Finding your cosecha moment can be tough in Peace Corps. The vast majority of projects do not turn out the way we intended or go as smoothly as we would have liked. We work with people. Most of us work with kids. Since we don't have resources, we mostly teach people things. Well, we try to teach people things. You can't make someone learn. If you do succeed, you may never even know. What my kids learn in their entrepreneurship class may help them out down the road, but I probably won't be around to see. I have enjoyed watching my eggplants grow because they provide such a nice foil to that experience. Sure, I can't control the rain or the sun, but I know what is supposed to happen if everything goes right. The seeds germinate. Little seedlings grow to transplant size and move to the garden. They grow bigger, put down roots, and eventually flower. Along the way I help them along the best I can: providing some water when the rain fails, battling caterpillars and grasshoppers, staking the plants so they don't blow over in the wind. If things go well, I am rewarded with bright-purple eggplants.

My students take no such easily identifiable path, nor journey to such a readily defined destination. The grasshoppers and caterpillars that impede their growth are not so easy to see or deal with. We set the end-of-the-year business plan competitions as a goal to work toward, but when the time comes even those can serve as a stumbling block for the teams that don't advance to the next level. Only two of the thirty-five student groups I worked with this year advanced to the regional competition. Only one of those groups (and only one of the more than 150 student groups formed in the department of Nueva Segovia) will have the opportunity to participate in the national competition.

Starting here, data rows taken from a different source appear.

text \<open>
  Let \<open>A\<close> be the adjacency matrix, \<open>D\<close> the diameter and \<open>r = root D (n - 1)\<close>.
  Every vertex reaches all others within \<open>D\<close> steps, so every row sum of \<open>A ^ D\<close> is at least
  \<open>n - 1\<close>, every row sum of \<open>A ^ (D * j)\<close> is at least \<open>(n - 1) ^ j\<close>, and by Cauchy-Schwarz
  \<open>trace (A ^ (2 * D * j)) \<ge> (n - 1) ^ (2 * j)\<close> for all \<open>j\<close>; this forces the spectral
  radius \<open>\<rho>\<close> to be at least \<open>r\<close>. Bipartiteness makes the spectrum symmetric, so the Estrada
  index is \<open>\<Sum>i. cosh \<lambda>\<^sub>i \<ge> 2 * cosh \<rho> + (n - 2) \<ge> 2 * cosh r + (n - 2)\<close>.

  Equality holds iff the spectrum is \<open>{r, -r, 0, ..., 0}\<close>, i.e. iff \<open>trace (A\<^sup>2) = 2 * r\<^sup>2\<close>.
  Then the squared Frobenius norm of \<open>A ^ 3 - r\<^sup>2 * A\<close> is
  \<open>trace (A ^ 6) - 2 * r\<^sup>2 * trace (A ^ 4) + r ^ 4 * trace (A\<^sup>2) = 0\<close>, so all odd powers of \<open>A\<close>
  are multiples of \<open>A\<close>; since vertices on opposite sides are joined by odd walks, \<open>G\<close> is a
  complete bipartite graph \<open>K(a, b)\<close> with \<open>a * b = r\<^sup>2\<close>. If \<open>a, b \<ge> 2\<close> then \<open>D \<ge> 2\<close>
  and \<open>a * b = r\<^sup>2 \<le> r ^ D = a + b - 1\<close>, which is impossible. Conversely a star has
  \<open>trace (A\<^sup>2) = 2 * (n - 1)\<close> and \<open>D \<le> 2\<close>, so \<open>trace (A\<^sup>2) \<le> 2 * r\<^sup>2\<close>.
\<close>

section \<open>Walk counts\<close>

definition adj :: "(nat \<Rightarrow> nat \<Rightarrow> bool) \<Rightarrow> nat \<Rightarrow> nat \<Rightarrow> real" where
  "adj E u v = (if E u v then 1 else 0)"

fun walks :: "nat \<Rightarrow> (nat \<Rightarrow> nat \<Rightarrow> bool) \<Rightarrow> nat \<Rightarrow> nat \<Rightarrow> nat \<Rightarrow> real" where
  "walks n E 0 u v = (if u = v then 1 else 0)"
| "walks n E (Suc k) u v = (\<Sum>w<n. walks n E k u w * adj E w v)"

definition walks_from :: "nat \<Rightarrow> (nat \<Rightarrow> nat \<Rightarrow> bool) \<Rightarrow> nat \<Rightarrow> nat \<Rightarrow> real" where
  "walks_from n E k u = (\<Sum>v<n. walks n E k u v)"

definition closed_walks :: "nat \<Rightarrow> (nat \<Rightarrow> nat \<Rightarrow> bool) \<Rightarrow> nat \<Rightarrow> real" where
  "closed_walks n E k = (\<Sum>u<n. walks n E k u u)"

definition degree :: "nat \<Rightarrow> (nat \<Rightarrow> nat \<Rightarrow> bool) \<Rightarrow> nat \<Rightarrow> nat" where
  "degree n E u = card {v. v < n \<and> E u v}"

lemma walks_nonneg: "0 \<le> walks n E k u v"
  by (induction k arbitrary: v) (auto intro!: sum_nonneg simp: adj_def)

lemma walks_add: "v < n \<Longrightarrow> walks n E (i + j) u v = (\<Sum>w<n. walks n E i u w * walks n E j w v)"
proof (induction j arbitrary: v)
  case 0
  have "(\<Sum>w<n. walks n E i u w * walks n E 0 w v) = (\<Sum>w\<in>{v}. walks n E i u w * walks n E 0 w v)"
    by (rule sum.mono_neutral_right) (use 0 in auto)
  then show ?case by simp
next
  case (Suc j)
  have "walks n E (i + Suc j) u v = (\<Sum>x<n. walks n E (i + j) u x * adj E x v)" by simp
  also have "\<dots> = (\<Sum>x<n. (\<Sum>w<n. walks n E i u w * walks n E j w x) * adj E x v)"
    using Suc.IH by (intro sum.cong) auto
  also have "\<dots> = (\<Sum>w<n. walks n E i u w * (\<Sum>x<n. walks n E j w x * adj E x v))"
    by (simp add: sum_distrib_left sum_distrib_right mult.assoc) (rule sum.swap)
  finally show ?case by simp
qed

lemma walks_Suc_0: "u < n \<Longrightarrow> walks n E (Suc 0) u v = adj E u v"
proof -
  assume u: "u < n"
  have "walks n E (Suc 0) u v = (\<Sum>w\<in>{u}. (if u = w then 1 else 0) * adj E w v)"
    by (simp only: walks.simps, rule sum.mono_neutral_right) (use u in auto)
  then show ?thesis by simp
qed

lemma walks_Suc_left:
  "u < n \<Longrightarrow> v < n \<Longrightarrow> walks n E (Suc k) u v = (\<Sum>w<n. adj E u w * walks n E k w v)"
  using walks_add[of v n E "Suc 0" k u] by (simp add: walks_Suc_0 del: walks.simps)

lemma sum_adj_mult: "(\<Sum>w<n. adj E u w * f w) = (\<Sum>w | w < n \<and> E u w. f w)"
proof -
  have "(\<Sum>w<n. adj E u w * f w) = (\<Sum>w<n. if E u w then f w else 0)"
    by (intro sum.cong) (auto simp: adj_def)
  also have "\<dots> = (\<Sum>w \<in> {w \<in> {..<n}. E u w}. f w)"
    by (rule sum.inter_filter[symmetric]) simp
  also have "{w \<in> {..<n}. E u w} = {w. w < n \<and> E u w}"
    by auto
  finally show ?thesis .
qed

lemma walks_from_add:
  "walks_from n E (i + j) u = (\<Sum>w<n. walks n E i u w * walks_from n E j w)"
  unfolding walks_from_def by (simp add: walks_add sum_distrib_left) (rule sum.swap)

lemma walks_from_Suc:
  "u < n \<Longrightarrow> walks_from n E (Suc k) u = (\<Sum>w | w < n \<and> E u w. walks_from n E k w)"
  using walks_from_add[of n E "Suc 0" k u] by (simp add: walks_Suc_0 sum_adj_mult del: walks.simps)

lemma walks_from_0: "u < n \<Longrightarrow> walks_from n E 0 u = 1"
  by (simp add: walks_from_def)

lemma walks_from_Suc_0: "u < n \<Longrightarrow> walks_from n E (Suc 0) u = real (degree n E u)"
  by (simp add: walks_from_Suc[of u n E 0] walks_from_0 degree_def)

lemma walks_from_add_ge:
  assumes "\<And>w. w < n \<Longrightarrow> c \<le> walks_from n E j w"
  shows "c * walks_from n E i u \<le> walks_from n E (i + j) u"
proof -
  have "c * walks_from n E i u = (\<Sum>w<n. walks n E i u w * c)"
    by (simp add: walks_from_def sum_distrib_left mult.commute)
  also have "\<dots> \<le> (\<Sum>w<n. walks n E i u w * walks_from n E j w)"
    using assms by (intro sum_mono mult_left_mono walks_nonneg) auto
  finally show ?thesis by (simp add: walks_from_add)
qed

lemma is_walk_singleton: "is_walk n E [u] \<longleftrightarrow> u < n"
  by (simp add: is_walk_def)

lemma is_walk_Cons:
  assumes "ys \<noteq> []"
  shows "is_walk n E (u # ys) \<longleftrightarrow> u < n \<and> E u (hd ys) \<and> is_walk n E ys"
proof -
  have "(\<forall>i. Suc i < length (u # ys) \<longrightarrow> E ((u # ys) ! i) ((u # ys) ! Suc i)) \<longleftrightarrow>
        E u (hd ys) \<and> (\<forall>i. Suc i < length ys \<longrightarrow> E (ys ! i) (ys ! Suc i))"
    (is "?L \<longleftrightarrow> ?R")
  proof
    assume L: ?L
    have "E u (hd ys)" using L[rule_format, of 0] assms by (simp add: hd_conv_nth)
    moreover have "E (ys ! i) (ys ! Suc i)" if "Suc i < length ys" for i
      using L[rule_format, of "Suc i"] that by simp
    ultimately show ?R by blast
  next
    assume R: ?R
    show ?L
    proof (intro allI impI)
      fix i assume "Suc i < length (u # ys)"
      then show "E ((u # ys) ! i) ((u # ys) ! Suc i)"
        using R assms by (cases i) (auto simp: hd_conv_nth)
    qed
  qed
  with assms show ?thesis by (auto simp: is_walk_def)
qed

lemma walks_ge_1_if_walk:
  "is_walk n E xs \<Longrightarrow> 1 \<le> walks n E (length xs - 1) (hd xs) (last xs)"
proof (induction xs)
  case Nil
  then show ?case by (simp add: is_walk_def)
next
  case (Cons u ys)
  show ?case
  proof (cases "ys = []")
    case False
    have walk: "u < n" "E u (hd ys)" "is_walk n E ys"
      using Cons.prems is_walk_Cons[OF False] by auto
    have lt: "hd ys < n" "last ys < n"
      using walk(3) False by (auto simp: is_walk_def)
    have "1 \<le> adj E u (hd ys) * walks n E (length ys - 1) (hd ys) (last ys)"
      using Cons.IH walk by (simp add: adj_def)
    also have "\<dots> \<le> (\<Sum>w<n. adj E u w * walks n E (length ys - 1) w (last ys))"
      using lt by (intro member_le_sum mult_nonneg_nonneg walks_nonneg) (auto simp: adj_def)
    also have "\<dots> = walks n E (Suc (length ys - 1)) u (last ys)"
      using walks_Suc_left walk(1) lt by simp
    finally show ?thesis using False by simp
  qed simp
qed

I am not overly concerned with whether or not my kids win the national competition. Sure, it will be nice to watch them stand up on stage and prove that they learned what I was trying to teach them, but if it earns them a prize is of little interest to me. The group I am taking is from a small, rural community. In October, our trip to the regional competition was the first time most of the kids had ever been to Ocotal, which is only two hours away. Now, they are preparing to go to the nation's capital. They will have an opportunity to meet and get to know (and sure, compete with) kids from all over their country. Most of them will never visit the communities (or even the departments) represented at the competition, but now they will have names and faces to put on kids their own age that live there. For me that is more than enough.

(December 2011: The student group Naturalmente Alternativa and their banana flour, which I will personally attest makes great pancakes, did a wonderful job and had a great time at the Feria National de Emprendedurismo. They also took home a prize for Most Creative Product.)